(* Suppose: (1) $F:\mathbb{R}^d\to\mathbb{R}$ is convex, differentiable and $L$-smooth, with a minimizer $x^\star$; (2) $\zeta_i$ is a random variable depending only on $X_0,\ldots,X_i$ with $\mathbb{E}[\zeta_i\mid X_0,\ldots,X_i]=0$, and $\|\zeta_i\|\le S$ whenever $\|X_j-x^\star\|\le r$ for all $j\le i$. Let $X_0$ satisfy $\|X_0-x^\star\|\le r$ and define recursively $X_{i+1}=X_i-\eta g_i+\sqrt{\eta}\,\xi_i$, where $g_i=\nabla F(X_i)+\zeta_i$ and $\xi_i\sim N(0,I_d)$. Let $G=\{\|X_j-x^\star\|\le r\ \forall\,1\le j\le i_{\max}\}$. Then whenever $r^2>\|X_0-x^\star\|^2+i_{\max}[2\eta^2(S^2+L^2r^2)+\eta d]$ and $C_\xi\ge\sqrt{2d}$, $$\mathbb{P}(G^c)\le i_{\max}\Bigg[\exp\Bigg(-\frac{\big(r^2-\|X_0-x^\star\|^2-i_{\max}[2\eta^2(S^2+L^2r^2)+\eta d]\big)^2}{2i_{\max}\big(2\eta Sr+2\sqrt{\eta}C_\xi(r+\eta S+\eta Lr)+\eta C_\xi^2\big)^2}\Bigg)+\exp\Big(-\frac{C_\xi^2-d}{8}\Big)\Bigg].$$ *)

theory Defs
  imports "HOL-Probability.Probability"
begin

definition gen_sigma :: "'a measure \<Rightarrow> ('a \<Rightarrow> 'b::topological_space) set \<Rightarrow> 'a measure" where
  "gen_sigma M Ys = sigma (space M) (\<Union>Y\<in>Ys. {Y -` A \<inter> space M | A. A \<in> sets borel})"

definition std_gaussian_vec :: "'a measure \<Rightarrow> ('a \<Rightarrow> real^'d) \<Rightarrow> bool" where
  "std_gaussian_vec M Y \<longleftrightarrow>
     distributed M lborel Y
       (\<lambda>x. ennreal ((2 * pi) powr (- real CARD('d) / 2) * exp (- (norm x)\<^sup>2 / 2)))"

end

theory Submission
  imports Defs
begin

(* Let V_i = |X_(i+1) - xs|^2 - |X_i - xs|^2 - D with D = 2 eta^2 (S^2 + L^2 r^2) + eta d, and
   freeze V_i at 0 once the iterate has left the ball of radius r around xs.  If the iterate
   leaves the ball for the first time at step k <= imax, the frozen partial sum up to k
   telescopes and exceeds delta = r^2 - |x0 - xs|^2 - imax D.

   The hypothesis on r forces eta L <= 1, so the gradient step x - eta gradF x does not increase
   the distance to the minimizer.  Integrating out the Gaussian xi_i exactly (a noncentral
   chi-square moment generating function) and then zeta_i by Hoeffding's lemma (conditional
   mean zero, |<u, zeta_i>| <= r S inside the ball) gives
   E [exp (lam V_i) | X_0, ..., X_i] <= exp (lam^2 c^2 / 2), where c is the constant in the
   denominator of the bound.  Hence E exp (lam (V_0 + ... + V_(k-1))) <= exp (k lam^2 c^2 / 2),
   and Chernoff's inequality with lam = delta / (imax c^2) together with a union bound over k
   gives imax exp (- delta^2 / (2 imax c^2)). *)

section \<open>Elementary real inequalities\<close>

lemma cosh_le_exp_half_sq: "cosh (y::real) \<le> exp (y\<^sup>2 / 2)"
proof -
  have nonneg: "cosh y \<le> exp (y\<^sup>2 / 2)" if "y \<ge> 0" for y :: real
  proof -
    have hoeffding: "-(2*y) * (1/2) + ln (1 + (1/2) * (exp (2*y) - 1)) \<le> (2*y)\<^sup>2 / 8"
      using Hoeffdings_lemma_aux[of "2*y" "1/2"] that by simp
    have pos: "1 + (1/2) * (exp (2*y) - 1) > 0" by (simp add: algebra_simps add_pos_pos)
    have "exp (-y) * exp (2*y) = exp y" by (simp add: mult_exp_exp)
    then have "cosh y = exp (-y) * (1 + (1/2) * (exp (2*y) - 1))"
      unfolding cosh_def by (simp add: algebra_simps)
    also have "\<dots> = exp (-y + ln (1 + (1/2) * (exp (2*y) - 1)))"
      by (subst exp_add, subst exp_ln[OF pos], rule refl)
    also have "\<dots> \<le> exp (y\<^sup>2 / 2)" using hoeffding by (simp add: power2_eq_square)
    finally show ?thesis .
  qed
  show ?thesis
    using nonneg[of y] nonneg[of "-y"] by (cases "y \<ge> 0") auto
qed

lemma exp_mult_le_cosh_add_chord:
  fixes t y B :: real
  assumes "\<bar>y\<bar> \<le> B"
  shows "exp (t * y) \<le> cosh (t * B) + y * (sinh (t * B) / B)"
proof (cases "B = 0")
  case True
  then show ?thesis using assms by simp
next
  case False
  then have B: "B > 0" using assms by linarith
  define \<theta> where "\<theta> = (y + B) / (2 * B)"
  have \<theta>: "0 \<le> \<theta>" "\<theta> \<le> 1" using assms B by (auto simp: \<theta>_def field_simps)
  have "t * y = (1 - \<theta>) * (-(t * B)) + \<theta> * (t * B)"
    using B by (simp add: \<theta>_def field_simps)
  then have "exp (t * y) = exp (1 * ((1 - \<theta>) *\<^sub>R (-(t * B)) + \<theta> *\<^sub>R (t * B)))" by simp
  also have "\<dots> \<le> (1 - \<theta>) * exp (1 * (-(t * B))) + \<theta> * exp (1 * (t * B))"
    using convex_onD[OF convex_on_exp[of 1], of \<theta> "-(t * B)" "t * B"] \<theta> by simp
  also have "\<dots> = cosh (t * B) + y * (sinh (t * B) / B)"
    using B by (simp add: \<theta>_def cosh_def sinh_def field_simps)
  finally show ?thesis .
qed

lemma one_minus_powr_neg_le_exp:
  fixes x d :: real
  assumes "0 \<le> x" "x \<le> 1/4" "0 \<le> d"
  shows "(1 - 2 * x) powr (- d / 2) \<le> exp (d * x + 4 * d * x\<^sup>2)"
proof -
  have ln_bound: "-(2 * x) - 2 * (2 * x)\<^sup>2 \<le> ln (1 - 2 * x)"
    using ln_one_minus_pos_lower_bound[of "2 * x"] assms by simp
  have "(1 - 2 * x) powr (- d / 2) = exp (- d / 2 * ln (1 - 2 * x))"
    using assms by (simp add: powr_def)
  also have "\<dots> \<le> exp (- d / 2 * (-(2 * x) - 2 * (2 * x)\<^sup>2))"
    using mult_left_mono[OF ln_bound, of "d / 2"] assms by simp
  also have "\<dots> = exp (d * x + 4 * d * x\<^sup>2)"
    by (simp add: power2_eq_square algebra_simps)
  finally show ?thesis .
qed

lemma sq_le_quadratic_mult_sq:
  fixes p C :: real
  assumes p: "p \<ge> 0" and C: "C \<ge> 0" "C\<^sup>2 \<ge> 2"
  shows "(16/9) * p\<^sup>2 \<le> (C\<^sup>2 + 2 * p * C - 4/3) * (p + C)\<^sup>2"
proof (cases "p \<le> C")
  case True
  have "(2 * p)\<^sup>2 \<le> (p + C)\<^sup>2" using True p by (intro power_mono) auto
  moreover have "C\<^sup>2 + 2 * p * C - 4/3 \<ge> 2/3" using C mult_nonneg_nonneg[OF p C(1)] by linarith
  ultimately have "(2/3) * (2 * p)\<^sup>2 \<le> (C\<^sup>2 + 2 * p * C - 4/3) * (p + C)\<^sup>2"
    by (intro mult_mono) auto
  moreover have "(2/3) * (2 * p)\<^sup>2 = (8/3) * p\<^sup>2" by (simp add: power_mult_distrib)
  ultimately show ?thesis using zero_le_power2[of p] by linarith
next
  case False
  have "p * C \<ge> C * C" using False C by (simp add: mult_right_mono)
  then have "C\<^sup>2 + 2 * p * C - 4/3 \<ge> 16/9" using C by (simp add: power2_eq_square)
  moreover have "p\<^sup>2 \<le> (p + C)\<^sup>2" using p C by (simp add: power_mono)
  ultimately show ?thesis by (intro mult_mono) auto
qed

lemma inverse_add_sq_div_le_sq:
  fixes x p C :: real
  assumes x: "0 \<le> x" and p: "0 \<le> p" and C: "0 \<le> C" "2 \<le> C\<^sup>2"
    and small: "4 * x * (p + C)\<^sup>2 \<le> 1"
  shows "1 / (1 - 2 * x) + p\<^sup>2 / (1 - 2 * x)\<^sup>2 \<le> (p + C)\<^sup>2"
proof -
  define \<beta> where "\<beta> = 1 - 2 * x"
  have pC: "(p + C)\<^sup>2 \<ge> 2"
    using power_mono[of C "p + C" 2] p C by linarith
  then have "x \<le> 1/8" using small x mult_left_mono[OF pC, of "4 * x"] by linarith
  then have \<beta>: "\<beta> \<ge> 3/4" by (simp add: \<beta>_def)
  have inv\<beta>: "1 / \<beta> \<le> 4/3" using \<beta> by (simp add: field_simps)
  have "\<beta>\<^sup>2 \<le> 1" using \<beta> x by (intro power_le_one) (auto simp: \<beta>_def)
  have "p\<^sup>2 / \<beta>\<^sup>2 - p\<^sup>2 = p\<^sup>2 * (1 - \<beta>\<^sup>2) * (1 / \<beta>)\<^sup>2"
    using \<beta> by (simp add: field_simps power2_eq_square)
  also have "\<dots> \<le> p\<^sup>2 * (4 * x) * (4/3)\<^sup>2"
  proof (intro mult_mono power_mono mult_left_mono)
    show "1 - \<beta>\<^sup>2 \<le> 4 * x" using x by (simp add: \<beta>_def power2_eq_square algebra_simps)
  qed (use x p \<beta> inv\<beta> \<open>\<beta>\<^sup>2 \<le> 1\<close> in auto)
  also have "\<dots> = (16/9) * p\<^sup>2 * (4 * x)" by (simp add: power2_eq_square)
  finally have "p\<^sup>2 / \<beta>\<^sup>2 \<le> p\<^sup>2 + (16/9) * p\<^sup>2 * (4 * x)" by linarith
  moreover have "(16/9) * p\<^sup>2 * (4 * x) \<le> C\<^sup>2 + 2 * p * C - 4/3"
  proof (rule mult_right_le_imp_le)
    have "(16/9) * p\<^sup>2 * (4 * x) * (p + C)\<^sup>2 \<le> (16/9) * p\<^sup>2"
      using mult_left_mono[OF small, of "(16/9) * p\<^sup>2"] by (simp add: mult.assoc)
    also have "\<dots> \<le> (C\<^sup>2 + 2 * p * C - 4/3) * (p + C)\<^sup>2"
      by (rule sq_le_quadratic_mult_sq[OF p C])
    finally show "(16/9) * p\<^sup>2 * (4 * x) * (p + C)\<^sup>2 \<le> (C\<^sup>2 + 2 * p * C - 4/3) * (p + C)\<^sup>2" .
  qed (use pC in linarith)
  ultimately show ?thesis
    using inv\<beta> unfolding \<beta>_def[symmetric] by (simp add: power2_eq_square algebra_simps)
qed

lemma sq_noise_const_lower_bound:
  fixes \<eta> r S d C x c :: real
  assumes \<eta>: "\<eta> > 0" and r: "r > 0" and S: "S \<ge> 0" and d: "d \<ge> 1"
    and C: "C \<ge> 0" "C\<^sup>2 \<ge> 2 * d" and \<eta>d: "\<eta> * d \<le> r\<^sup>2"
    and x: "x \<ge> 0" "4 * x * (sqrt \<eta> * S + C)\<^sup>2 \<le> 1"
    and c: "c \<ge> 2 * sqrt \<eta> * r * (sqrt \<eta> * S + C) + \<eta> * C\<^sup>2"
  shows "8 * d * \<eta>\<^sup>2 + 4 * \<eta> * r\<^sup>2 / (1 - 2 * x) + 4 * \<eta> * r\<^sup>2 * (sqrt \<eta> * S)\<^sup>2 / (1 - 2 * x)\<^sup>2 \<le> c\<^sup>2"
proof -
  define hq where "hq = sqrt \<eta>"
  define p where "p = hq * S"
  have hq: "hq > 0" "hq * hq = \<eta>" using \<eta> by (auto simp: hq_def)
  have p: "p \<ge> 0" using hq S by (simp add: p_def)
  have C1: "C \<ge> 1"
  proof (rule ccontr)
    assume "\<not> C \<ge> 1"
    then have "C * C \<le> 1 * 1" using C by (intro mult_mono) auto
    then show False using C d by (simp add: power2_eq_square)
  qed
  have "8 * d * \<eta>\<^sup>2 \<le> 4 * hq * r * C * \<eta> * C\<^sup>2 + (\<eta> * C\<^sup>2)\<^sup>2"
  proof -
    have "r \<ge> hq"
    proof -
      have "\<eta> \<le> \<eta> * d" using mult_left_mono[OF d, of \<eta>] \<eta> by simp
      then have "hq\<^sup>2 \<le> r\<^sup>2" using \<eta>d hq by (simp add: power2_eq_square)
      then show ?thesis using r hq by (simp add: power2_le_iff_abs_le abs_le_iff)
    qed
    moreover have "C * C\<^sup>2 \<ge> d"
      using mult_mono[OF C1 C(2)] C d by linarith
    ultimately have "(hq * r) * (C * C\<^sup>2) \<ge> (hq * hq) * d"
      using hq d by (intro mult_mono) auto
    then have "4 * hq * r * C * \<eta> * C\<^sup>2 \<ge> 4 * d * \<eta>\<^sup>2"
      using mult_left_mono[of _ _ "4 * \<eta>"] \<eta> hq by (simp add: power2_eq_square algebra_simps)
    moreover have "(\<eta> * C\<^sup>2)\<^sup>2 \<ge> (\<eta> * (2 * d))\<^sup>2"
      using C \<eta> d by (intro power_mono mult_left_mono) auto
    moreover have "(\<eta> * (2 * d))\<^sup>2 \<ge> 4 * d * \<eta>\<^sup>2"
      using d \<eta> by (simp add: power2_eq_square algebra_simps mult_right_mono)
    ultimately show ?thesis by linarith
  qed
  moreover have "4 * \<eta> * r\<^sup>2 / (1 - 2 * x) + 4 * \<eta> * r\<^sup>2 * p\<^sup>2 / (1 - 2 * x)\<^sup>2 \<le> 4 * \<eta> * r\<^sup>2 * (p + C)\<^sup>2"
    using mult_left_mono[OF inverse_add_sq_div_le_sq[OF x(1) p C(1) _ x(2)[folded hq_def, folded p_def]],
        of "4 * \<eta> * r\<^sup>2"] C d \<eta>
    by (simp add: algebra_simps)
  moreover have "(2 * hq * r * (p + C) + \<eta> * C\<^sup>2)\<^sup>2 \<ge> 4 * \<eta> * r\<^sup>2 * (p + C)\<^sup>2 + 4 * hq * r * C * \<eta> * C\<^sup>2 + (\<eta> * C\<^sup>2)\<^sup>2"
  proof -
    have "(2 * hq * r * (p + C) + \<eta> * C\<^sup>2)\<^sup>2 = 4 * \<eta> * r\<^sup>2 * (p + C)\<^sup>2 + 4 * hq * r * (p + C) * \<eta> * C\<^sup>2 + (\<eta> * C\<^sup>2)\<^sup>2"
      unfolding hq(2)[symmetric] by (simp add: power2_eq_square algebra_simps)
    moreover have "4 * hq * r * (p + C) * \<eta> * C\<^sup>2 \<ge> 4 * hq * r * C * \<eta> * C\<^sup>2"
      using hq r p \<eta> by (simp add: mult_left_mono mult_right_mono)
    ultimately show ?thesis by simp
  qed
  moreover have "c\<^sup>2 \<ge> (2 * hq * r * (p + C) + \<eta> * C\<^sup>2)\<^sup>2"
    using c hq r p C \<eta> unfolding hq_def p_def by (intro power_mono) auto
  ultimately show ?thesis unfolding hq_def p_def by linarith
qed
*****
Exercise prompt:
Please copy the lines in the records above between the one holding "using B by (simp add: \<theta>_def cosh_def" and the one holding "fixes x p C :: real", inclusive, exactly and with no other line.

Answer to this task:
    using B by (simp add: \<theta>_def cosh_def sinh_def field_simps)
  finally show ?thesis .
qed

lemma one_minus_powr_neg_le_exp:
  fixes x d :: real
  assumes "0 \<le> x" "x \<le> 1/4" "0 \<le> d"
  shows "(1 - 2 * x) powr (- d / 2) \<le> exp (d * x + 4 * d * x\<^sup>2)"
proof -
  have ln_bound: "-(2 * x) - 2 * (2 * x)\<^sup>2 \<le> ln (1 - 2 * x)"
    using ln_one_minus_pos_lower_bound[of "2 * x"] assms by simp
  have "(1 - 2 * x) powr (- d / 2) = exp (- d / 2 * ln (1 - 2 * x))"
    using assms by (simp add: powr_def)
  also have "\<dots> \<le> exp (- d / 2 * (-(2 * x) - 2 * (2 * x)\<^sup>2))"
    using mult_left_mono[OF ln_bound, of "d / 2"] assms by simp
  also have "\<dots> = exp (d * x + 4 * d * x\<^sup>2)"
    by (simp add: power2_eq_square algebra_simps)
  finally show ?thesis .
qed

lemma sq_le_quadratic_mult_sq:
  fixes p C :: real
  assumes p: "p \<ge> 0" and C: "C \<ge> 0" "C\<^sup>2 \<ge> 2"
  shows "(16/9) * p\<^sup>2 \<le> (C\<^sup>2 + 2 * p * C - 4/3) * (p + C)\<^sup>2"
proof (cases "p \<le> C")
  case True
  have "(2 * p)\<^sup>2 \<le> (p + C)\<^sup>2" using True p by (intro power_mono) auto
  moreover have "C\<^sup>2 + 2 * p * C - 4/3 \<ge> 2/3" using C mult_nonneg_nonneg[OF p C(1)] by linarith
  ultimately have "(2/3) * (2 * p)\<^sup>2 \<le> (C\<^sup>2 + 2 * p * C - 4/3) * (p + C)\<^sup>2"
    by (intro mult_mono) auto
  moreover have "(2/3) * (2 * p)\<^sup>2 = (8/3) * p\<^sup>2" by (simp add: power_mult_distrib)
  ultimately show ?thesis using zero_le_power2[of p] by linarith
next
  case False
  have "p * C \<ge> C * C" using False C by (simp add: mult_right_mono)
  then have "C\<^sup>2 + 2 * p * C - 4/3 \<ge> 16/9" using C by (simp add: power2_eq_square)
  moreover have "p\<^sup>2 \<le> (p + C)\<^sup>2" using p C by (simp add: power_mono)
  ultimately show ?thesis by (intro mult_mono) auto
qed

lemma inverse_add_sq_div_le_sq:
  fixes x p C :: real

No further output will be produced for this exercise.